Hp has been recently linked to the pathogenesis of Alzheimer’s disease (AD) (Song et al. 2015; Spagnuolo et al. 2014a). In one study, the serum levels of Hp were found to be higher in individuals with AD compared to healthy controls (Song et al. 2015). The higher levels of Hp in AD patients suggest high levels of oxidative stress and inflammation, potentially caused by a compromised proteostasis network, leading to increased misfolded and aggregated proteins. In another study, it was found that Hp promotes complex formation between Apo E and beta-amyloid by binding to both of them (Spagnuolo et al. 2014a). The formation of the Apo E-beta-amyloid complex is believed to play an important role in beta-amyloid homeostasis in the brain. Thus, if Hp levels are syphoned to deal with protein aggregation, as suggested by our findings here, this could negatively impair the clearance of amyloid-beta in the brain. Our results showing higher amounts of Hp-containing SRA in the plasma of older adults are consistent with these prior findings linking Hp and AD. Because of the known link between aging-related neurodegenerative disease and protein aggregation, the putative link between Hp and neurodegenerative diseases is particularly intriguing, and our approach for identifying SRA in plasma, CSF, or brain tissue could be applied to further probe this link. Overall, our findings and application of D2D SDS-PAGE provide a unique opportunity to directly probe the amount of SRA and content of Hp and other proteins, not only in older adults with AD but also in people with other types of aging-related neurodegenerative diseases.

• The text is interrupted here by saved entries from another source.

lemma quadtree_node_at_level:
  assumes "0 \<le> fst q" "fst q \<le> 1" "0 \<le> snd q" "snd q \<le> 1"
  obtains C where "in_quadtree p n C" "q \<in> cell C" "sqrt 2 / 2^k \<le> diameter (cell C)"
    "is_leaf p n C \<or> diameter (cell C) = sqrt 2 / 2^k"
proof -
  obtain a where a: "a < 2^k" "real a / 2^k \<le> fst q" "fst q \<le> (real a + 1) / 2^k"
    using unit_interval_dyadic_index assms by metis
  obtain b where b: "b < 2^k" "real b / 2^k \<le> snd q" "snd q \<le> (real b + 1) / 2^k"
    using unit_interval_dyadic_index assms by metis
  let ?anc = "\<lambda>l. (l, a div 2^(k - l), b div 2^(k - l))"
  show ?thesis
  proof (cases "in_quadtree p n (k, a, b)")
    case True
    then show ?thesis using a b by (intro that[of "(k, a, b)"]) (simp_all add: mem_cell_iff diameter_cell)
  next
    case False
    then have ex: "\<exists>l. l < k \<and> \<not> splits p n (?anc l)"
      using a(1) b(1) by (auto simp: in_quadtree_def)
    define l where "l = (LEAST l. l < k \<and> \<not> splits p n (?anc l))"
    have l: "l < k" "\<not> splits p n (?anc l)"
      using LeastI_ex[OF ex] by (simp_all add: l_def)
    have below: "splits p n (?anc l')" if "l' < l" for l'
      using not_less_Least[of l' "\<lambda>l. l < k \<and> \<not> splits p n (?anc l)"] that l(1) l_def by auto
    have pow: "(2::nat)^k = 2^l * 2^(k - l)" using l(1) by (simp add: power_add[symmetric])
    have div_div: "x div 2^(k - l) div 2^(l - l') = x div 2^(k - l')" if "l' < l" for x l' :: nat
    proof -
      have "(2::nat)^(k - l) * 2^(l - l') = 2^(k - l')" using that l(1) by (simp add: power_add[symmetric])
      then show ?thesis by (metis div_mult2_eq)
    qed
    have "in_quadtree p n (?anc l)"
      unfolding in_quadtree_def using a(1) b(1) pow below div_div
      by (auto intro!: less_mult_imp_div_less)
    then have leaf: "is_leaf p n (?anc l)" using l(2) by (simp add: is_leaf_def)
    have "q \<in> cell (?anc l)"
      using dyadic_ancestor_bounds[OF a(2,3), of l] dyadic_ancestor_bounds[OF b(2,3), of l] l(1)
      by (simp add: mem_cell_iff)
    moreover have "sqrt 2 / 2^k \<le> sqrt 2 / 2^l"
      using l(1) by (intro divide_left_mono power_increasing) auto
    ultimately show ?thesis using leaf by (intro that[of "?anc l"]) (simp_all add: diameter_cell is_leaf_def)
  qed
qed

lemma exists_dyadic_scale:
  fixes r :: real
  assumes "0 < r"
  obtains k :: nat where "sqrt 2 / 2^k \<le> r" "min (sqrt 2) (r / 2) \<le> sqrt 2 / 2^k"
proof -
  obtain k0 :: nat where "sqrt 2 / r < 2^k0" using real_arch_pow[of 2 "sqrt 2 / r"] by auto
  then have "sqrt 2 / 2^k0 \<le> r" using assms by (simp add: field_simps)
  then have ex: "\<exists>k::nat. sqrt 2 / 2^k \<le> r" by blast
  define k where "k = (LEAST k::nat. sqrt 2 / 2^k \<le> r)"
  have k: "sqrt 2 / 2^k \<le> r" using LeastI_ex[OF ex] by (simp add: k_def)
  have "min (sqrt 2) (r / 2) \<le> sqrt 2 / 2^k"
  proof (cases k)
    case (Suc k')
    then have "\<not> sqrt 2 / 2^k' \<le> r" using not_less_Least[of k' "\<lambda>k. sqrt 2 / 2^k \<le> r"] k_def by auto
    then have "r / 2 < sqrt 2 / 2^k" using Suc by (simp add: field_simps)
    then show ?thesis by (simp add: min_le_iff_disj)
  qed simp
  with k show ?thesis by (rule that)
qed

lemma largest_occupied_diameter_ge:
  assumes "0 \<le> fst (p m)" "fst (p m) \<le> 1" "0 \<le> snd (p m)" "snd (p m) \<le> 1"
    and N: "largest_occupied p v n m t N" and r: "0 < t * v m"
  shows "min (sqrt 2) (t * v m / 2) \<le> diameter (cell N)"
proof -
  obtain k where k: "sqrt 2 / 2^k \<le> t * v m" "min (sqrt 2) (t * v m / 2) \<le> sqrt 2 / 2^k"
    using exists_dyadic_scale r by metis
  obtain C where C: "in_quadtree p n C" "p m \<in> cell C" "sqrt 2 / 2^k \<le> diameter (cell C)"
    "is_leaf p n C \<or> diameter (cell C) = sqrt 2 / 2^k"
    using quadtree_node_at_level assms(1-4) by metis
  have "is_leaf p n C \<or> cell C \<subseteq> cball (p m) (t * v m)"
    using C(2,4) k(1) cell_subset_cball by fastforce
  then have "occupies p v n m t C" using C(1,2) N by (simp add: occupies_def largest_occupied_def)
  then have "diameter (cell C) \<le> diameter (cell N)" using N unfolding largest_occupied_def by blast
  with C(3) k(2) show ?thesis by linarith
qed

This study is to our knowledge the first example of a biophysical property, kinetic stability, being used to discover degradation-resistant protein aggregates in an organism. Because protein aggregation has been suggested to be a common phenomenon associated with aging in all organisms (Koga et al. 2011; Labbadia and Morimoto 2014), D2D SDS-PAGE is a convenient method to discover degradation-resistant aggregates that may accumulate during the aging process of any organism. Furthermore, it offers novel possibilities for exploring the link between Hp-SRA complexes and aging-related ailments, in particular neurodegenerative diseases.